[Records drawn from a dataset]
------------------------------------
lemma hom_mod_on_int_pow:
  assumes S: "subgroup S G" and f: "hom_mod_on G q S f" and s: "s \<in> S"
  shows "[f (s [^] k) = k * f s] (mod int q)"
proof (cases "k \<ge> 0")
  case True
  then show ?thesis using hom_mod_on_nat_pow[OF assms, of "nat k"] by simp
next
  case False
  have sc: "s \<in> carrier G" using S s by (rule subgroup.mem_carrier)
  have sk: "s [^] nat (- k) \<in> S"
    using subgroup_int_pow_closed[OF S s, of "int (nat (- k))"] unfolding int_pow_int .
  have "s [^] k = inv (s [^] nat (- k))"
    using False sc by (simp add: int_pow_def2 del: pow_nat)
  then have "[f (s [^] k) = - f (s [^] nat (- k))] (mod int q)"
    using hom_mod_on_inv[OF S f sk] by simp
  also have "[- f (s [^] nat (- k)) = - (int (nat (- k)) * f s)] (mod int q)"
    unfolding cong_minus_minus_iff by (rule hom_mod_on_nat_pow[OF assms])
  finally show ?thesis using False by simp
qed

lemma int_pow_cong:
  assumes x: "x \<in> carrier G" and xq: "x [^] q = \<one>" and ab: "[a = b] (mod int q)"
  shows "x [^] a = x [^] b"
proof -
  have "int (ord x) dvd int q" using xq pow_eq_id[OF x] by simp
  also have "int q dvd b - a" using ab by (simp add: cong_iff_dvd_diff dvd_diff_commute)
  finally show ?thesis using int_pow_eq[OF x] by simp
qed

lemma int_pow_mem_subgroup_iff_dvd:
  assumes S: "subgroup S G" and g: "g \<in> carrier G" and n: "0 < n" "g [^] (n::nat) \<in> S"
  obtains m :: nat where "0 < m" "\<And>i::int. g [^] i \<in> S \<longleftrightarrow> int m dvd i"
proof -
  define m where "m = (LEAST k::nat. 0 < k \<and> g [^] k \<in> S)"
  have m: "0 < m" "g [^] m \<in> S" using LeastI[of "\<lambda>k. 0 < k \<and> g [^] k \<in> S", OF conjI[OF n]]
    unfolding m_def by auto
  have m_least: "m \<le> k" if "0 < k" "g [^] k \<in> S" for k
    unfolding m_def using that by (simp add: Least_le)
  have mult_m: "g [^] (int m * k) \<in> S" for k
    using subgroup_int_pow_closed[OF S m(2), of k] g by (simp add: int_pow_pow flip: int_pow_int)
  have "int m dvd i" if i: "g [^] i \<in> S" for i
  proof -
    define r where "r = i mod int m"
    have r: "0 \<le> r" "r < int m" using m(1) unfolding r_def by auto
    have "g [^] r = inv (g [^] (int m * (i div int m))) \<otimes> g [^] i"
      using g by (simp add: inv_solve_left int_pow_mult[symmetric] r_def)
    then have "g [^] nat r \<in> S"
      using S i mult_m r(1) by (simp add: subgroup.m_closed subgroup.m_inv_closed flip: int_pow_int)
    then have "r = 0" using m_least[of "nat r"] r by fastforce
    then show ?thesis unfolding r_def by auto
  qed
  moreover have "g [^] i \<in> S" if "int m dvd i" for i using that mult_m by blast
  ultimately show thesis using m(1) that by blast
qed

lemma hom_mod_on_linear_on_powers:
  assumes S: "subgroup S G" and f: "hom_mod_on G q S f" and g: "g \<in> carrier G"
    and gq: "g [^] q = \<one>" and q: "0 < q"
  obtains c where "\<And>i::int. g [^] i \<in> S \<Longrightarrow> [f (g [^] i) = i * c] (mod int q)"
proof -
  obtain m where m: "0 < m" and pow_mem: "\<And>i::int. g [^] i \<in> S \<longleftrightarrow> int m dvd i"
    using int_pow_mem_subgroup_iff_dvd[OF S g q] gq subgroup.one_closed[OF S] by auto
  have "int m dvd int q" using pow_mem[of "int q"] gq subgroup.one_closed[OF S] by (simp add: int_pow_int)
  then obtain d where qmd: "int q = int m * d" by blast
  have d: "0 < d" using qmd q m by (metis of_nat_0_less_iff zero_less_mult_pos)
  define a where "a = f (g [^] int m)"
  have gm: "g [^] int m \<in> S" using pow_mem by simp
  have "(g [^] int m) [^] d = g [^] int q" using g by (simp add: int_pow_pow qmd)
  then have "(g [^] int m) [^] d = \<one>" using gq by (simp add: int_pow_int)
  then have "[f \<one> = d * a] (mod int q)" using hom_mod_on_int_pow[OF S f gm, of d] unfolding a_def by simp
  then have "[d * a = 0] (mod int q)" using cong_trans[OF cong_sym hom_mod_on_one[OF S f]] by blast
  then have "d * int m dvd d * a" unfolding cong_0_iff qmd by (simp only: mult.commute)
  then have "int m dvd a" using d by simp
  then obtain c where a: "a = int m * c" by blast
  have "[f (g [^] i) = i * c] (mod int q)" if "g [^] i \<in> S" for i
  proof -
    have "int m dvd i" using that by (simp only: pow_mem)
    then obtain k where i: "i = int m * k" by (elim dvdE)
    have "g [^] i = (g [^] int m) [^] k" using g by (simp add: i int_pow_pow)
    then have "[f (g [^] i) = k * a] (mod int q)" using hom_mod_on_int_pow[OF S f gm] unfolding a_def by simp
    then show ?thesis by (simp add: i a algebra_simps)
  qed
  then show thesis by (rule that)
qed

end

context comm_group
begin

lemma mult_int_pow_mult:
  assumes "a \<in> carrier G" "b \<in> carrier G" "g \<in> carrier G"
  shows "(a \<otimes> g [^] (i::int)) \<otimes> (b \<otimes> g [^] (j::int)) = (a \<otimes> b) \<otimes> g [^] (i + j)"
  using assms by (simp add: int_pow_mult m_ac)

lemma subgroup_mult_powers:
  assumes S: "subgroup S G" and g: "g \<in> carrier G"
  shows "subgroup {s \<otimes> g [^] i |s (i::int). s \<in> S} G"
proof (rule subgroupI)
  have Sc: "\<And>s. s \<in> S \<Longrightarrow> s \<in> carrier G" using S by (rule subgroup.mem_carrier)
  then show "{s \<otimes> g [^] i |s (i::int). s \<in> S} \<subseteq> carrier G" using g by auto
  show "{s \<otimes> g [^] i |s (i::int). s \<in> S} \<noteq> {}" using subgroup.one_closed[OF S] by blast
  fix u v assume "u \<in> {s \<otimes> g [^] i |s (i::int). s \<in> S}" "v \<in> {s \<otimes> g [^] i |s (i::int). s \<in> S}"
  then obtain s s' and i j :: int where s: "s \<in> S" "s' \<in> S" and uv: "u = s \<otimes> g [^] i" "v = s' \<otimes> g [^] j"
    by blast
  have "inv u = inv s \<otimes> g [^] (- i)" using uv Sc s g by (simp add: inv_mult int_pow_neg m_comm)
  then show "inv u \<in> {s \<otimes> g [^] i |s (i::int). s \<in> S}" using subgroup.m_inv_closed[OF S s(1)] by blast
  have "u \<otimes> v = (s \<otimes> s') \<otimes> g [^] (i + j)" using uv Sc s g by (simp add: mult_int_pow_mult)
  then show "u \<otimes> v \<in> {s \<otimes> g [^] i |s (i::int). s \<in> S}" using subgroup.m_closed[OF S s] by blast
qed

lemma hom_mod_on_adjoin:
  assumes S: "subgroup S G" and g: "g \<in> carrier G" and f: "hom_mod_on G q S f"
    and c: "\<And>i::int. g [^] i \<in> S \<Longrightarrow> [f (g [^] i) = i * c] (mod int q)"
  obtains F where "hom_mod_on G q {s \<otimes> g [^] i |s (i::int). s \<in> S} F"
    and "\<And>s i. s \<in> S \<Longrightarrow> [F (s \<otimes> g [^] (i::int)) = f s + i * c] (mod int q)"
proof -
  have Sc: "\<And>s. s \<in> S \<Longrightarrow> s \<in> carrier G" using S by (rule subgroup.mem_carrier)
  have well_defined: "[f s' + j * c = f s + i * c] (mod int q)"
    if s: "s \<in> S" "s' \<in> S" and eq: "s \<otimes> g [^] i = s' \<otimes> g [^] j" for s s' and i j :: int
  proof -
    have s': "s' = s \<otimes> g [^] (i - j)"
      using eq Sc s g by (simp add: int_pow_diff m_assoc[symmetric] inv_solve_right)
    then have "g [^] (i - j) = inv s \<otimes> s'" using Sc s g by (simp add: m_assoc[symmetric])
    then have gij: "g [^] (i - j) \<in> S" using S s by (simp add: subgroup.m_closed subgroup.m_inv_closed)
    have "[f s' = f s + f (g [^] (i - j))] (mod int q)"
      using f s gij unfolding s' hom_mod_on_def by blast
    also have "[f s + f (g [^] (i - j)) = f s + (i - j) * c] (mod int q)"
      using c[OF gij] by (rule cong_add_lcancel[THEN iffD2])
    finally have "[f s' + j * c = f s + (i - j) * c + j * c] (mod int q)" by (rule cong_add_rcancel[THEN iffD2])
    then show ?thesis by (simp add: algebra_simps)
  qed
  define rep where "rep u = (SOME (s, i). s \<in> S \<and> u = s \<otimes> g [^] (i::int))" for u
  define F where "F u = f (fst (rep u)) + snd (rep u) * c" for u
  have F: "[F (s \<otimes> g [^] i) = f s + i * c] (mod int q)" if s: "s \<in> S" for s and i :: int
  proof -
    obtain s' j where "rep (s \<otimes> g [^] i) = (s', j)" by fastforce
    moreover have "(\<lambda>(s', j). s' \<in> S \<and> s \<otimes> g [^] i = s' \<otimes> g [^] (j::int)) (rep (s \<otimes> g [^] i))"
      unfolding rep_def by (rule someI[of _ "(s, i)"]) (simp add: s)
    ultimately show ?thesis unfolding F_def using well_defined[OF s] by auto
  qed
  have "hom_mod_on G q {s \<otimes> g [^] i |s (i::int). s \<in> S} F"
    unfolding hom_mod_on_def
  proof (intro ballI)
    fix u v assume "u \<in> {s \<otimes> g [^] i |s (i::int). s \<in> S}" "v \<in> {s \<otimes> g [^] i |s (i::int). s \<in> S}"
    then obtain s s' and i j :: int where s: "s \<in> S" "s' \<in> S" and uv: "u = s \<otimes> g [^] i" "v = s' \<otimes> g [^] j"
      by blast
    have "u \<otimes> v = (s \<otimes> s') \<otimes> g [^] (i + j)" using uv Sc s g by (simp add: mult_int_pow_mult)
    then have "[F (u \<otimes> v) = f (s \<otimes> s') + (i + j) * c] (mod int q)"
      using F subgroup.m_closed[OF S s] by simp
    also have "[f (s \<otimes> s') + (i + j) * c = (f s + f s') + (i + j) * c] (mod int q)"
      using f s unfolding hom_mod_on_def by (simp add: cong_add_rcancel)
    also have "(f s + f s') + (i + j) * c = (f s + i * c) + (f s' + j * c)" by (simp add: algebra_simps)
    also have "[\<dots> = F u + F v] (mod int q)" using F[OF s(1)] F[OF s(2)] uv by (simp add: cong_add cong_sym)
    finally show "[F (u \<otimes> v) = F u + F v] (mod int q)" .
  qed
  then show thesis using F by (rule that)
qed

lemma hom_mod_on_extend:
  assumes fin: "finite (carrier G)" and exp: "\<And>u. u \<in> carrier G \<Longrightarrow> u [^] q = \<one>" and q: "0 < q"
    and "subgroup S G" and "hom_mod_on G q S f"
  shows "\<exists>F. hom_mod_on G q (carrier G) F \<and> (\<forall>s\<in>S. [F s = f s] (mod int q))"
  using assms(4,5)
proof (induction "card (carrier G - S)" arbitrary: S f rule: less_induct)
  case less
  note S = less.prems(1) and f = less.prems(2)
  show ?case
  proof (cases "S = carrier G")
    case True
    then show ?thesis using f by (intro exI[of _ f]) auto
  next
    case False
    then obtain g where g: "g \<in> carrier G" "g \<notin> S" using subgroup.subset[OF S] by blast
    obtain c where c: "\<And>i::int. g [^] i \<in> S \<Longrightarrow> [f (g [^] i) = i * c] (mod int q)"
      using hom_mod_on_linear_on_powers[OF S f g(1) exp[OF g(1)] q] by blast
    define T where "T = {s \<otimes> g [^] i |s (i::int). s \<in> S}"
    obtain F where F: "hom_mod_on G q T F" and F_mult: "\<And>s i. s \<in> S \<Longrightarrow> [F (s \<otimes> g [^] (i::int)) = f s + i * c] (mod int q)"
      using hom_mod_on_adjoin[OF S g(1) f c] unfolding T_def by blast
    have T: "subgroup T G" unfolding T_def using S g(1) by (rule subgroup_mult_powers)
    have ST: "S \<subseteq> T"
    proof
      fix s assume "s \<in> S"
      then show "s \<in> T" using subgroup.mem_carrier[OF S] unfolding T_def by (force intro: exI[of _ "0::int"])
    qed
    have "g \<in> T" using g(1) subgroup.one_closed[OF S] unfolding T_def by (force intro: exI[of _ "1::int"])
    then have "card (carrier G - T) < card (carrier G - S)"
      using fin g ST by (intro psubset_card_mono) auto
    then obtain F' where F': "hom_mod_on G q (carrier G) F'" "\<forall>t\<in>T. [F' t = F t] (mod int q)"
      using less.hyps T F by blast
    have "[F' s = f s] (mod int q)" if s: "s \<in> S" for s
    proof -
      have "[F' s = F s] (mod int q)" using F' ST s by blast
      also have "[F s = f s] (mod int q)"
        using F_mult[OF s, of 0] subgroup.mem_carrier[OF S s] by simp
      finally show ?thesis .
    qed
    then show ?thesis using F' by blast
  qed
qed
------------------------------------
__Problem requirements__. A word-for-word copy of the lines above from the one with "define m where" through the one with "using subgroup_int_pow_closed[OF S m(2), of", inclusive, is the only output wanted.

__Written solution__.
  define m where "m = (LEAST k::nat. 0 < k \<and> g [^] k \<in> S)"
  have m: "0 < m" "g [^] m \<in> S" using LeastI[of "\<lambda>k. 0 < k \<and> g [^] k \<in> S", OF conjI[OF n]]
    unfolding m_def by auto
  have m_least: "m \<le> k" if "0 < k" "g [^] k \<in> S" for k
    unfolding m_def using that by (simp add: Least_le)
  have mult_m: "g [^] (int m * k) \<in> S" for k
    using subgroup_int_pow_closed[OF S m(2), of k] g by (simp add: int_pow_pow flip: int_pow_int)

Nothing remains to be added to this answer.